PROBLEM DESCRIPTION. Lines that include the word "False" should be copied from the listing that follows.

◇ ◇ ◇

lemma level_upd: "finite S \<Longrightarrow> level r V (upd S u v) = level r V S + fitter_sign r * size_change S u v"
  by (simp add: level_def fitter_sign_def card_upd)

lemma level_nonneg: "finite V \<Longrightarrow> S \<subseteq> V \<Longrightarrow> 0 \<le> level r V S"
  using card_mono[of V S] by (simp add: level_def)

lemma level_le: "finite V \<Longrightarrow> S \<subseteq> V \<Longrightarrow> level r V S \<le> 2 * real (card V)"
  using card_mono[of V S] by (simp add: level_def)

definition potential :: "real \<Rightarrow> nat set \<Rightarrow> nat set \<Rightarrow> real" where
  "potential r V S = real (card V) ^ 2 / transfer_floor r * (4 * real (card V) ^ 2 - (level r V S)\<^sup>2)"

lemma potential_upd:
  assumes "finite S"
  shows "potential r V (upd S u v) = potential r V S
    - real (card V) ^ 2 / transfer_floor r
      * (2 * level r V S * (fitter_sign r * size_change S u v) + (size_change S u v)\<^sup>2)"
proof -
  have "(fitter_sign r)\<^sup>2 = 1" by (simp add: fitter_sign_def)
  then have "(level r V S + fitter_sign r * size_change S u v)\<^sup>2
      = (level r V S)\<^sup>2 + 2 * level r V S * (fitter_sign r * size_change S u v) + (size_change S u v)\<^sup>2"
    by (simp add: power2_eq_square algebra_simps)
  then show ?thesis unfolding potential_def level_upd[OF assms] by (simp add: algebra_simps)
qed

lemma potential_nonneg:
  assumes "finite V" "S \<subseteq> V" "r > 0"
  shows "0 \<le> potential r V S"
proof -
  have "(level r V S)\<^sup>2 \<le> (2 * real (card V))\<^sup>2"
    using level_nonneg[OF assms(1,2)] level_le[OF assms(1,2)] by (intro power_mono)
  then show ?thesis
    unfolding potential_def using transfer_floor_pos[OF assms(3)] by simp
qed

lemma potential_le:
  assumes "r > 0"
  shows "potential r V S \<le> 4 / transfer_floor r * real (card V) ^ 4"
proof -
  have "potential r V S \<le> real (card V) ^ 2 / transfer_floor r * (4 * real (card V) ^ 2)"
    unfolding potential_def using transfer_floor_pos[OF assms] by (intro mult_left_mono) simp_all
  also have "\<dots> = 4 / transfer_floor r * real (card V) ^ 4"
    by (simp add: power_numeral_reduce)
  finally show ?thesis .
qed
lemma norm_powr_sum_le_head_tail:
  fixes t :: "nat \<Rightarrow> 'e::real_normed_vector"
  assumes F: "finite F" and r: "0 < r" and x: "\<And>j. j \<in> F \<Longrightarrow> 0 \<le> x j"
    and S: "\<And>j. j \<in> F \<Longrightarrow> x j * norm (t j) \<le> S" and t: "\<And>j. t j \<noteq> 0"
  shows "norm (\<Sum>j\<in>F. (x j powr r) *\<^sub>R t j)
    \<le> S powr r * (\<Sum>j<n. norm (t j) powr (1 - r)) + norm (\<Sum>j\<in>F - {..<n}. (x j powr r) *\<^sub>R t j)"
proof -
  have "norm ((x j powr r) *\<^sub>R t j) \<le> S powr r * norm (t j) powr (1 - r)" if j: "j \<in> F" for j
  proof -
    have "x j powr r \<le> (S / norm (t j)) powr r"
      using r x[OF j] S[OF j] t[of j] by (intro powr_mono2) (auto simp: field_simps)
    then have "x j powr r * norm (t j) \<le> (S / norm (t j)) powr r * norm (t j)"
      by (simp add: mult_right_mono)
    also have "\<dots> = S powr r * norm (t j) powr (1 - r)"
      using t[of j] by (simp add: powr_divide powr_diff)
    finally show ?thesis by simp
  qed
  then have "norm (\<Sum>j\<in>F \<inter> {..<n}. (x j powr r) *\<^sub>R t j) \<le> (\<Sum>j\<in>F \<inter> {..<n}. S powr r * norm (t j) powr (1 - r))"
    by (intro order_trans[OF norm_sum sum_mono]) auto
  also have "\<dots> \<le> S powr r * (\<Sum>j<n. norm (t j) powr (1 - r))"
    unfolding sum_distrib_left[symmetric] by (intro mult_left_mono sum_mono2) auto
  finally show ?thesis
    using norm_triangle_ineq[of "\<Sum>j\<in>F \<inter> {..<n}. (x j powr r) *\<^sub>R t j" "\<Sum>j\<in>F - {..<n}. (x j powr r) *\<^sub>R t j"]
    unfolding sum.Int_Diff[OF F, of _ "{..<n}"] by linarith
qed
lemma Rayleigh_minimiser_is_eigenvector:
  fixes A :: "'a::euclidean_space \<Rightarrow>\<^sub>L 'a"
  assumes sym: "symmetric_op A" and S: "subspace S" and inv: "\<And>x. x \<in> S \<Longrightarrow> A x \<in> S"
    and v: "v \<in> S" "norm v = 1"
    and min: "\<And>x. x \<in> S \<Longrightarrow> norm x = 1 \<Longrightarrow> inner (A v) v \<le> inner (A x) x"
  shows "A v = inner (A v) v *\<^sub>R v"
proof -
  define m where "m = inner (A v) v"
  have min': "m * inner x x \<le> inner (A x) x" if x: "x \<in> S" for x
  proof (cases "x = 0")
    case False
    have "m \<le> inner (A ((1 / norm x) *\<^sub>R x)) ((1 / norm x) *\<^sub>R x)"
      unfolding m_def using False S x by (intro min) (auto simp: subspace_scale)
    also have "\<dots> = inner (A x) x / inner x x"
      by (simp add: blinfun.scaleR_right power2_norm_eq_inner[symmetric] power2_eq_square)
    moreover have "0 < inner x x" using False by simp
    ultimately show ?thesis by (metis pos_le_divide_eq)
  qed simp
  have orth: "inner (A v) w = 0" if w: "w \<in> S" "inner w v = 0" for w
  proof (rule linear_coeff_zero_if_quadratic_nonneg)
    fix s :: real
    define x where "x = v + s *\<^sub>R w"
    have "x \<in> S" using S v w by (simp add: x_def subspace_add subspace_scale)
    moreover have "inner x x = 1 + s\<^sup>2 * inner w w"
      using v w by (simp add: x_def inner_add_left inner_add_right inner_commute norm_eq_1 power2_eq_square)
    moreover have "inner (A x) x = m + 2 * s * inner (A v) w + s\<^sup>2 * inner (A w) w"
      using w symmetric_opD[OF sym, of w v]
      by (simp add: x_def m_def blinfun.add_right blinfun.scaleR_right inner_add_left inner_add_right
          inner_commute power2_eq_square algebra_simps)
    ultimately show "0 \<le> 2 * s * inner (A v) w + s\<^sup>2 * (inner (A w) w - m * inner w w)"
      using min' by (fastforce simp: algebra_simps)
  qed
  define r where "r = A v - m *\<^sub>R v"
  have r: "r \<in> S" "inner r v = 0"
    using S v inv by (simp_all add: r_def subspace_diff subspace_scale m_def inner_diff_left norm_eq_1)
  have "inner (A v) r = 0" by (rule orth[OF r])
  moreover have "inner r r = inner r (A v) - m * inner r v"
    by (subst (1) r_def) (simp add: inner_diff_right)
  ultimately have "inner r r = 0" using r(2) by (simp add: inner_commute)
  hence "r = 0" by simp
  thus ?thesis by (simp add: r_def m_def)
qed

lemma symmetric_op_eigenvector_in_subspace:
  fixes A :: "'a::euclidean_space \<Rightarrow>\<^sub>L 'a"
  assumes sym: "symmetric_op A" and S: "subspace S" "\<not> S \<subseteq> {0}" and inv: "\<And>x. x \<in> S \<Longrightarrow> A x \<in> S"
  obtains v l where "v \<in> S" "norm v = 1" "A v = l *\<^sub>R v"
proof -
  obtain y where y: "y \<in> S" "y \<noteq> 0" using S(2) by auto
  define K where "K = S \<inter> sphere 0 1"
  have "(1 / norm y) *\<^sub>R y \<in> K" using y S by (simp add: K_def subspace_scale)
  hence ne: "K \<noteq> {}" by auto
  have cpt: "compact K" unfolding K_def
    using closed_subspace[OF S(1)] by (intro closed_Int_compact compact_sphere)
  have cont: "continuous_on K (\<lambda>x. inner (A x) x)" by (intro continuous_intros)
  obtain v where v: "v \<in> K" and vmin: "\<forall>x\<in>K. inner (A v) v \<le> inner (A x) x"
    using continuous_attains_inf[OF cpt ne cont] by blast
  have "v \<in> S" "norm v = 1" using v by (auto simp: K_def)
  moreover have "A v = inner (A v) v *\<^sub>R v"
    by (rule Rayleigh_minimiser_is_eigenvector[OF sym S(1) inv \<open>v \<in> S\<close> \<open>norm v = 1\<close>])
      (use vmin in \<open>auto simp: K_def\<close>)
  ultimately show ?thesis by (rule that)
qed
(* Let $(\Omega,\mathcal{A},\sigma)$ be a probability space and let $f,g\in L^2(\sigma)$ satisfy $\sigma(\{|fg|=0\})=0$. Then (A) $\mathcal{E}(f\wedge g)\le\mathcal{E}(f)+\mathcal{E}(g)$; (B) $\mathcal{E}(f\vee g)\le\mathcal{E}(f)+\mathcal{E}(g)$; (C) $\mathcal{E}(f\wedge f^2)\le4\,\mathcal{E}(f)$.
   Context: $\mathcal{E}(h)=\int_\Omega|h|^2\,d\sigma-\exp\left(\int_\Omega\log|h|^2\,d\sigma\right)$. For measurable $f,g$, $f\wedge g$ (resp. $f\vee g$) denotes a measurable function with $|f\wedge g|=\min(|f|,|g|)$ (resp. $|f\vee g|=\max(|f|,|g|)$) pointwise (e.g. equal to $g$ where $|g|\le|f|$ and to $f$ elsewhere); $\mathcal{E}$ depends only on the modulus. *)

theory Defs
  imports "HOL-Probability.Probability"
begin

text \<open>Geometric-mean term exp(\<integral> log|h|^2 d\<sigma>), with the convention exp(-\<infinity>) = 0:
  for h in L^2 the positive part of log|h|^2 is integrable, so non-integrability
  of log|h|^2 means its integral is -\<infinity>.\<close>
definition geo_term :: "'a measure \<Rightarrow> ('a \<Rightarrow> complex) \<Rightarrow> real" where
  "geo_term M h =
     (if integrable M (\<lambda>x. ln ((cmod (h x))\<^sup>2))
      then exp (\<integral>x. ln ((cmod (h x))\<^sup>2) \<partial>M) else 0)"

definition Edef :: "'a measure \<Rightarrow> ('a \<Rightarrow> complex) \<Rightarrow> real" where
  "Edef M h = (\<integral>x. (cmod (h x))\<^sup>2 \<partial>M) - geo_term M h"

definition L2 :: "'a measure \<Rightarrow> ('a \<Rightarrow> complex) set" where
  "L2 M = {h. h \<in> borel_measurable M \<and> integrable M (\<lambda>x. (cmod (h x))\<^sup>2)}"

end

theory Submission
  imports Defs
begin

(* Write G w = exp (\<integral> ln w) for the geometric mean, so that E h = \<integral> w - G w with w = |h|^2,
   and E \<ge> 0 by Jensen's inequality for ln.

   (A), (B): G is monotone and multiplicative, and min u v * max u v = u v, so
   G (min u v) * G (max u v) = G u * G v with G u, G v \<le> G (max u v).  This forces
   G u + G v \<le> G (min u v) + G (max u v); as \<integral> min u v + \<integral> max u v = \<integral> u + \<integral> v, we get
   E (min u v) + E (max u v) \<le> E u + E v.

   (C): split u = a b with a = min 1 u and b = max 1 u, so that min u u^2 = a^2 b.  With
   p = G a \<le> 1 \<le> q = G b the claim reduces to q \<le> \<integral> b and 4 p - p^2 \<le> \<integral> (4 a - a^2).
   The latter is Jensen's inequality for t \<mapsto> 4 e^t - e^(2t), which is convex on t \<le> 0,
   applied to ln a \<le> 0 (via its tangent at t0 = \<integral> ln a).  What remains is
   (q - 1) (1 - p) (3 - p) \<ge> 0. *)

definition geom_mean :: "'a measure \<Rightarrow> ('a \<Rightarrow> real) \<Rightarrow> real" where
  "geom_mean M w = (if integrable M (\<lambda>x. ln (w x)) then exp (\<integral>x. ln (w x) \<partial>M) else 0)"

definition energy :: "'a measure \<Rightarrow> ('a \<Rightarrow> real) \<Rightarrow> real" where
  "energy M w = integral\<^sup>L M w - geom_mean M w"

lemma Edef_eq_energy: "Edef M h = energy M (\<lambda>x. (cmod (h x))\<^sup>2)"
  by (simp add: Edef_def energy_def geo_term_def geom_mean_def)

lemma geom_mean_nonneg: "0 \<le> geom_mean M w"
  by (simp add: geom_mean_def)

lemma integrable_ln_between:
  fixes u v w :: "'a \<Rightarrow> real"
  assumes "integrable M (\<lambda>x. ln (u x))" "integrable M (\<lambda>x. ln (v x))"
    and "w \<in> borel_measurable M"
    and "AE x in M. 0 < u x \<and> 0 < v x \<and> min (u x) (v x) \<le> w x \<and> w x \<le> max (u x) (v x)"
  shows "integrable M (\<lambda>x. ln (w x))"
proof (rule Bochner_Integration.integrable_bound)
  show "integrable M (\<lambda>x. \<bar>ln (u x)\<bar> + \<bar>ln (v x)\<bar>)"
    using assms(1,2) by auto
  show "AE x in M. norm (ln (w x)) \<le> norm (\<bar>ln (u x)\<bar> + \<bar>ln (v x)\<bar>)"
    using assms(4)
  proof eventually_elim
    case (elim x)
    then have "0 < min (u x) (v x)"
      by simp
    then have "ln (min (u x) (v x)) \<le> ln (w x)" "ln (w x) \<le> ln (max (u x) (v x))"
      using elim by (meson ln_mono order_less_le_trans)+
    then show ?case
      by (cases "u x \<le> v x") (auto simp: min_def max_def)
  qed
qed (use assms(3) in measurable)

lemma integrable_ln_mult:
  fixes a b :: "'a \<Rightarrow> real"
  assumes "integrable M (\<lambda>x. ln (a x))" "integrable M (\<lambda>x. ln (b x))"
    and "a \<in> borel_measurable M" "b \<in> borel_measurable M"
    and "AE x in M. 0 < a x \<and> 0 < b x"
  shows "integrable M (\<lambda>x. ln (a x * b x))"
proof -
  have sum: "integrable M (\<lambda>x. ln (a x) + ln (b x))"
    using assms(1,2) by auto
  have ae: "AE x in M. ln (a x) + ln (b x) = ln (a x * b x)"
    using assms(5) by eventually_elim (simp add: ln_mult_pos)
  show ?thesis
    by (rule integrable_cong_AE_imp[OF sum _ ae]) (use assms(3,4) in measurable)
qed

lemma geom_mean_mult:
  fixes a b :: "'a \<Rightarrow> real"
  assumes "integrable M (\<lambda>x. ln (a x))" "integrable M (\<lambda>x. ln (b x))"
    and "a \<in> borel_measurable M" "b \<in> borel_measurable M"
    and "AE x in M. 0 < a x \<and> 0 < b x"
  shows "geom_mean M (\<lambda>x. a x * b x) = geom_mean M a * geom_mean M b"
proof -
  have "(\<integral>x. ln (a x * b x) \<partial>M) = (\<integral>x. ln (a x) + ln (b x) \<partial>M)"
    using assms(3-5) by (intro integral_cong_AE) (auto elim: eventually_mono simp: ln_mult)
  then show ?thesis
    using assms integrable_ln_mult[OF assms] by (simp add: geom_mean_def exp_add)
qed

lemma (in prob_space) geom_mean_le_integral:
  assumes w: "integrable M w" and pos: "AE x in M. 0 < w x"
  shows "geom_mean M w \<le> integral\<^sup>L M w"
proof (cases "integrable M (\<lambda>x. ln (w x))")
  case True
  define c where "c = exp (\<integral>x. ln (w x) \<partial>M)"
  have c: "0 < c" by (simp add: c_def)
  have "AE x in M. 1 + ln (w x) - ln c \<le> w x / c"
    using pos
  proof eventually_elim
    case (elim x)
    have "ln (w x / c) \<le> w x / c - 1" using elim c by (intro ln_le_minus_one) simp
    moreover have "ln (w x / c) = ln (w x) - ln c" using elim c by (simp add: ln_div)
    ultimately show ?case by simp
  qed
  then have "(\<integral>x. 1 + ln (w x) - ln c \<partial>M) \<le> (\<integral>x. w x / c \<partial>M)"
    using True w by (intro integral_mono_AE) auto
  moreover have "(\<integral>x. 1 + ln (w x) - ln c \<partial>M) = 1 + (\<integral>x. ln (w x) \<partial>M) - ln c"
    using True by (simp add: prob_space)
  moreover have "ln c = (\<integral>x. ln (w x) \<partial>M)" by (simp add: c_def)
  ultimately have "1 \<le> integral\<^sup>L M w / c" by simp
  then have "c \<le> integral\<^sup>L M w" using c by (simp add: field_simps)
  then show ?thesis using True by (simp add: geom_mean_def c_def)
next
  case False
  then show ?thesis
    using pos by (simp add: geom_mean_def integral_nonneg_AE eventually_mono less_imp_le)
qed
lemma Echain_0: "Echain \<gamma> N 0 (\<lambda>w. f (w 0)) = (f 1 + f (-1)) / 2"
proof -
  have "Echain \<gamma> N 0 (\<lambda>w. f (w 0)) = (\<Sum>y\<in>{-1, 1::real}. (1/2) * f y)"
    unfolding Echain_def path_weight_def
    using sum_PiE_insert[where x = 0 and S = "{}" and T = "\<lambda>_. {-1, 1::real}"
        and f = "\<lambda>w. 1 / 2 * f (w 0)"] by simp
  then show ?thesis by simp
qed

lemma Qmat_row_sum: "a \<in> {-1, 1} \<Longrightarrow> (\<Sum>y\<in>{-1, 1::real}. Qmat \<gamma> N a y) = 1"
  unfolding Qmat_def by auto

text \<open>The uniform law on \<open>{-1, 1}\<close> is stationary for the symmetric matrix \<open>Qmat\<close>.\<close>
lemma Echain_last_site: "Echain \<gamma> N i (\<lambda>w. f (w i)) = (f 1 + f (-1)) / 2"
proof (induction i arbitrary: f)
  case 0 then show ?case by (rule Echain_0)
next
  case (Suc i)
  define g where "g a = (\<Sum>y\<in>{-1, 1::real}. Qmat \<gamma> N a y * f y)" for a
  have "Echain \<gamma> N (Suc i) (\<lambda>w. f (w (Suc i))) = Echain \<gamma> N i (\<lambda>w. g (w i))"
    unfolding Echain_Suc g_def by simp
  also have "\<dots> = (g 1 + g (-1)) / 2" by (rule Suc.IH)
  also have "\<dots> = (f 1 + f (-1)) / 2" unfolding g_def Qmat_def by (simp add: algebra_simps)
  finally show ?case .
qed

lemma Echain_const: "Echain \<gamma> N n (\<lambda>_. c) = c"
  using Echain_last_site[of \<gamma> N n "\<lambda>_. c"] by simp

lemma Echain_extend:
  assumes "\<And>w w'. (\<And>j. j \<le> m \<Longrightarrow> w j = w' j) \<Longrightarrow> g w = g w'"
  shows "Echain \<gamma> N (m + k) g = Echain \<gamma> N m g"
proof (induction k)
  case (Suc k)
  have update: "g (w(Suc (m + k) := y)) = g w" for w y by (rule assms) auto
  have "Echain \<gamma> N (Suc (m + k)) g = Echain \<gamma> N (m + k) g"
    unfolding Echain_Suc update unfolding Echain_def
  proof (intro sum.cong refl)
    fix w assume "w \<in> paths (m + k)"
    then have "(\<Sum>y\<in>{-1, 1}. Qmat \<gamma> N (w (m + k)) y) = 1" by (intro Qmat_row_sum) auto
    then show "path_weight \<gamma> N (m + k) w * (\<Sum>y\<in>{-1, 1}. Qmat \<gamma> N (w (m + k)) y * g w)
        = path_weight \<gamma> N (m + k) w * g w"
      by (simp add: sum_distrib_right[symmetric])
  qed
  then show ?case using Suc by simp
qed simp

lemma Echain_site:
  assumes "i \<le> n"
  shows "Echain \<gamma> N n (\<lambda>w. f (w i)) = (f 1 + f (-1)) / 2"
  using Echain_extend[of i "\<lambda>w. f (w i)" \<gamma> N "n - i"] Echain_last_site[of \<gamma> N i f] assms by simp

lemma Echain_switch:
  assumes "Suc i \<le> n"
  shows "Echain \<gamma> N n (\<lambda>w. if w i \<noteq> w (Suc i) then 1 else 0) = real N powr (-\<gamma>)"
proof -
  let ?g = "\<lambda>w. if w i \<noteq> w (Suc i) then 1 else (0::real)"
  have "Echain \<gamma> N n ?g = Echain \<gamma> N (Suc i) ?g"
    using Echain_extend[of "Suc i" ?g \<gamma> N "n - Suc i"] assms by simp
  also have "\<dots> = Echain \<gamma> N i (\<lambda>_. real N powr (-\<gamma>))"
    unfolding Echain_Suc unfolding Echain_def
  proof (intro sum.cong refl)
    fix w assume "w \<in> paths i"
    then have "w i \<in> {-1, 1}" by auto
    then show "path_weight \<gamma> N i w * (\<Sum>y\<in>{-1, 1}. Qmat \<gamma> N (w i) y * ?g (w(Suc i := y)))
        = path_weight \<gamma> N i w * real N powr (-\<gamma>)"
      unfolding Qmat_def by auto
  qed
  finally show ?thesis by (simp add: Echain_const)
qed

lemma Qmat_nonneg:
  assumes "\<gamma> \<ge> 0" shows "Qmat \<gamma> N a b \<ge> 0"
proof (cases "N = 0")
  case False
  then have "real N powr \<gamma> \<ge> 1" using assms by (intro ge_one_powr_ge_zero) auto
  then have "real N powr (-\<gamma>) \<le> 1" by (simp add: powr_minus divide_simps)
  then show ?thesis unfolding Qmat_def by auto
qed (simp add: Qmat_def)

lemma Echain_mono:
  assumes "\<gamma> \<ge> 0" and "\<And>w. w \<in> paths n \<Longrightarrow> f w \<le> g w"
  shows "Echain \<gamma> N n f \<le> Echain \<gamma> N n g"
  unfolding Echain_def path_weight_def using assms Qmat_nonneg
  by (intro sum_mono mult_left_mono) (auto intro: prod_nonneg)

lemma Echain_add: "Echain \<gamma> N n (\<lambda>w. f w + g w) = Echain \<gamma> N n f + Echain \<gamma> N n g"
  unfolding Echain_def by (simp add: distrib_left sum.distrib)

lemma Echain_scale: "Echain \<gamma> N n (\<lambda>w. c * f w) = c * Echain \<gamma> N n f"
  unfolding Echain_def by (simp add: sum_distrib_left mult_ac)

lemma Echain_sum: "Echain \<gamma> N n (\<lambda>w. \<Sum>i\<in>I. f i w) = (\<Sum>i\<in>I. Echain \<gamma> N n (f i))"
  unfolding Echain_def by (simp add: sum_distrib_left) (rule sum.swap)

lemma card_switches_eq_sum:
  "real (card (switches w n)) = (\<Sum>i\<in>{1..<n}. if w i \<noteq> w (Suc i) then 1 else 0)"
  unfolding switches_def by (simp add: sum.If_cases Int_def)

lemma Echain_switches: "Echain \<gamma> N n (\<lambda>w. real (card (switches w n))) = real (n - 1) * real N powr (-\<gamma>)"
  unfolding card_switches_eq_sum Echain_sum by (simp add: Echain_switch)

lemma Echain_block_bound:
  "Echain \<gamma> N N (\<lambda>w. ((\<Sum>i\<in>{1..N}. \<Phi> (\<beta> * w i + h)) + c * (1 + real (card (switches w N))) + e) / real N)
     = (real N * ((\<Phi> (h + \<beta>) + \<Phi> (h - \<beta>)) / 2) + c * (1 + real (N - 1) * real N powr (-\<gamma>)) + e) / real N"
proof -
  have sites: "Echain \<gamma> N N (\<lambda>w. \<Sum>i\<in>{1..N}. \<Phi> (\<beta> * w i + h)) = real N * ((\<Phi> (h + \<beta>) + \<Phi> (h - \<beta>)) / 2)"
  proof -
    have "Echain \<gamma> N N (\<lambda>w. \<Phi> (\<beta> * w i + h)) = (\<Phi> (h + \<beta>) + \<Phi> (h - \<beta>)) / 2"
      if "i \<in> {1..N}" for i
      using Echain_site[where i = i and n = N and f = "\<lambda>y. \<Phi> (\<beta> * y + h)"] that
      by (simp add: add.commute)
    then have "(\<Sum>i\<in>{1..N}. Echain \<gamma> N N (\<lambda>w. \<Phi> (\<beta> * w i + h)))
        = (\<Sum>i\<in>{1..N}. (\<Phi> (h + \<beta>) + \<Phi> (h - \<beta>)) / 2)"
      by (rule sum.cong[OF refl])
    then show ?thesis unfolding Echain_sum by simp
  qed
  have "Echain \<gamma> N N (\<lambda>w. ((\<Sum>i\<in>{1..N}. \<Phi> (\<beta> * w i + h)) + c * (1 + real (card (switches w N))) + e) / real N)
      = Echain \<gamma> N N (\<lambda>w. (1 / real N) * (\<Sum>i\<in>{1..N}. \<Phi> (\<beta> * w i + h))
          + ((c / real N) * real (card (switches w N)) + (c + e) / real N))"
    by (rule arg_cong[where f = "Echain \<gamma> N N"], rule ext) (simp add: add_divide_distrib ring_distribs)
  also have "\<dots> = (1 / real N) * (real N * ((\<Phi> (h + \<beta>) + \<Phi> (h - \<beta>)) / 2))
      + ((c / real N) * (real (N - 1) * real N powr (-\<gamma>)) + (c + e) / real N)"
    unfolding Echain_add Echain_scale Echain_const Echain_switches sites ..
  also have "\<dots> = (real N * ((\<Phi> (h + \<beta>) + \<Phi> (h - \<beta>)) / 2) + c * (1 + real (N - 1) * real N powr (-\<gamma>)) + e) / real N"
    by (simp add: add_divide_distrib ring_distribs)
  finally show ?thesis .
qed

lemma slowly_varying_half_ratio:
  assumes "slowly_varying L"
  shows "(\<lambda>n. L (n div 2) / L n) \<longlonglongrightarrow> 1"
proof -
  have "nat \<lfloor>(1/2) * real n\<rfloor> = n div 2" for n :: nat
  proof -
    have "(1/2) * real n = real n / real (2::nat)" by simp
    then show ?thesis by (simp only: floor_divide_of_nat_eq nat_int)
  qed
  moreover have "(\<lambda>n. L (nat \<lfloor>(1/2) * real n\<rfloor>) / L n) \<longlonglongrightarrow> 1"
    using assms unfolding slowly_varying_def by (auto dest: spec[of _ "1/2"])
  ultimately show ?thesis by simp
qed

◇ ◇ ◇

EXPECTED OUTPUT.
    case False
      unfolding m_def using False S x by (intro min) (auto simp: subspace_scale)
    moreover have "0 < inner x x" using False by simp
  case False
  case False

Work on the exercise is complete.